What does that turn into in terms of actual numbers?

Nicholas Eberstadt

Well, um, more than seven million... I- I'll get really nerdy on you, um, more than seven million men between the ages of 25 and 54, the prime ages for obvious reasons, um, who are in the civilian non-institutional population. Civilian, because, uh, we're not counting military. Non-institution because we're not counting prisoners or people who are in, uh, mental or health facilities. In other words, people who could reasonably be expected to be in the workforce looking for a job.

Narrator

What sort of men are in this group? Demographically, education, family structure, ethnicity.
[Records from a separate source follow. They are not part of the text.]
definition score_at :: "population \<Rightarrow> (real \<Rightarrow> nat \<Rightarrow> real) \<Rightarrow> nat \<Rightarrow> real \<Rightarrow> real" where
  "score_at P R a r =
     measure_pmf.prob P {z. grp z = a \<and> R (fst z) a = r} / measure_pmf.prob P {z. grp z = a}"

text \<open>Normalized threshold tau in group a: the randomized threshold classifier on R(x,a)
  (positive above the threshold t, negative below, positive with probability p at t)
  whose positive rate in group a is 1 - tau.\<close>
definition norm_thr :: "population \<Rightarrow> (real \<Rightarrow> nat \<Rightarrow> real) \<Rightarrow> nat \<Rightarrow> real \<Rightarrow> real \<Rightarrow> real" where
  "norm_thr P R a \<tau> x =
     (let q = 1 - \<tau>; r = R x a; G = score_above P R a r; m = score_at P R a r in
      if m > 0 then max 0 (min 1 ((q - G) / m)) else (if G < q then 1 else 0))"

definition thr_clf :: "population \<Rightarrow> (real \<Rightarrow> nat \<Rightarrow> real) \<Rightarrow> real \<Rightarrow> real \<Rightarrow> classifier" where
  "thr_clf P R \<tau>1 \<tau>2 = (\<lambda>x a. if a = 1 then norm_thr P R 1 \<tau>1 x
                              else if a = 2 then norm_thr P R 2 \<tau>2 x else 0)"

definition Lthr :: "population \<Rightarrow> (real \<Rightarrow> nat \<Rightarrow> real) \<Rightarrow> real \<Rightarrow> real \<Rightarrow> real" where
  "Lthr P R \<tau>1 \<tau>2 = loss P (thr_clf P R \<tau>1 \<tau>2)"

definition Bthr :: "bias_kind \<Rightarrow> population \<Rightarrow> (real \<Rightarrow> nat \<Rightarrow> real) \<Rightarrow> real \<Rightarrow> real \<Rightarrow> real" where
  "Bthr k P R \<tau>1 \<tau>2 = bias k P (thr_clf P R \<tau>1 \<tau>2)"

definition feasible :: "bias_kind \<Rightarrow> population \<Rightarrow> (real \<Rightarrow> nat \<Rightarrow> real) \<Rightarrow> real \<Rightarrow> real \<Rightarrow> real \<Rightarrow> bool" where
  "feasible k P R \<beta> \<tau>1 \<tau>2 \<longleftrightarrow>
     \<tau>1 \<in> {0..1} \<and> \<tau>2 \<in> {0..1} \<and> \<bar>Bthr k P R \<tau>1 \<tau>2\<bar> \<le> \<beta>"
lemma SW_light_le_early_bundle_mass:
  fixes B :: "nat \<Rightarrow> real" and h n :: nat and x :: alloc
  defines "I \<equiv> adversary_input B h n (light_late_tx B h)"
  assumes x: "fractional_alloc I x" "avg_block_size m B D I x" and B: "1 < m" "0 < B 1" and hN: "h < N"
  shows "SW N I x \<le> h + early_bundle_mass x h / 2 + (real (N - h) + D) / 2"
proof -
  define load1 where "load1 t = (\<Sum>i\<in>{h..<2*h}. x i t) + (\<Sum>i\<in>{2*h..<2*h+n}. x i t)" for t
  have early: "(\<Sum>t\<in>{1..N}. \<Sum>i<h. x i t) \<le> h"
    using fractional_alloc_class_mass_le[OF x(1), of "{..<h}"] by (simp add: I_def dom_three_class_input)
  have "x i t = 0" if "i \<in> {2*h..<2*h+n}" "t \<le> h" for i t
    by (rule fractional_alloc_before_arrival[OF x(1)])
      (use that in \<open>auto simp: I_def dom_three_class_input three_class_input_def\<close>)
  then have before: "(\<Sum>t\<in>{1..h}. load1 t) = early_bundle_mass x h"
    by (simp add: load1_def early_bundle_mass_def)
  have "B 1 * (\<Sum>t\<in>{Suc h..N}. load1 t) \<le> B 1 * (real (N - h) + D)"
    using window_load_three_class_input[OF x(2)[unfolded I_def], of "Suc h" N 1] hN B(1)
    by (simp add: load1_def sum_distrib_left algebra_simps)
  then have after: "(\<Sum>t\<in>{Suc h..N}. load1 t) \<le> real (N - h) + D"
    using B(2) by (simp add: mult_le_cancel_left_pos)
  have "SW N I x = (\<Sum>t\<in>{1..N}. \<Sum>i<h. x i t) + 1/2 * (\<Sum>t\<in>{1..N}. load1 t)"
    by (simp add: I_def load1_def SW_three_class_input sum.distrib sum_distrib_left algebra_simps)
  also have "\<dots> = (\<Sum>t\<in>{1..N}. \<Sum>i<h. x i t) + 1/2 * ((\<Sum>t\<in>{1..h}. load1 t) + (\<Sum>t\<in>{Suc h..N}. load1 t))"
    using sum_atLeastAtMost_split[of h N load1] hN by simp
  finally show ?thesis using early before after by argo
qed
Who makes up this group?

Nicholas Eberstadt

Well, as you would guess, Chris, uh, if there are seven million guys, there's some of everything, right? (laughs) That's a big number. But some are more in- represented than others. So, um, ethnically, African Americans are over-represented, but if we go into the persons of color formulation, uh, Latinos and Asian-Americans are underrepresented. So, um, so for white, non-white, it's almost a wash. Um, education's what you'd think. Uh, high school dropouts, way over-represented, um, with just high school, quite over-represented. But surprisingly large, um, we say representation of guys with college or even college degrees. 40% of this group has at least some college, and as I recall, about a fifth or a sixth are college grads. Uh, here's a funny one. Marital structure, family structure. Uh, it turns out that, um, married guys, no matter what their ethnicity, uh, are way less likely to be in this pool. They're way more likely to be out looking for work or having work. Uh, guys who have never been married, way more likely to be in this pool. And it's not just, uh, the- the wedding ring, although that obviously is a big predictor. If you, uh, if you're living under the same roof with kids and you're a guy, you're way more likely to be looking for work. I mean, that kind of, that's not surprising to me, but it's, you know, kind of like the provider effect or something. And last but not least, uh, the Census Bureau has something that they call nativity, which seems kind of weird to me. It sounds like a Christmas scene. Uh, it's, what they mean is where you're born. Are you born overseas or native born? Uh, foreign-born guys are way more likely to be not in this pool, um, no matter what their ethnic background, uh, more likely than their counterparts. And that's not a surprise to me, and I'm sure it's not a surprise to you in particular, because people who come here from overseas are kind of motivated to do something here, and they're- they're more likely to be in the workforce.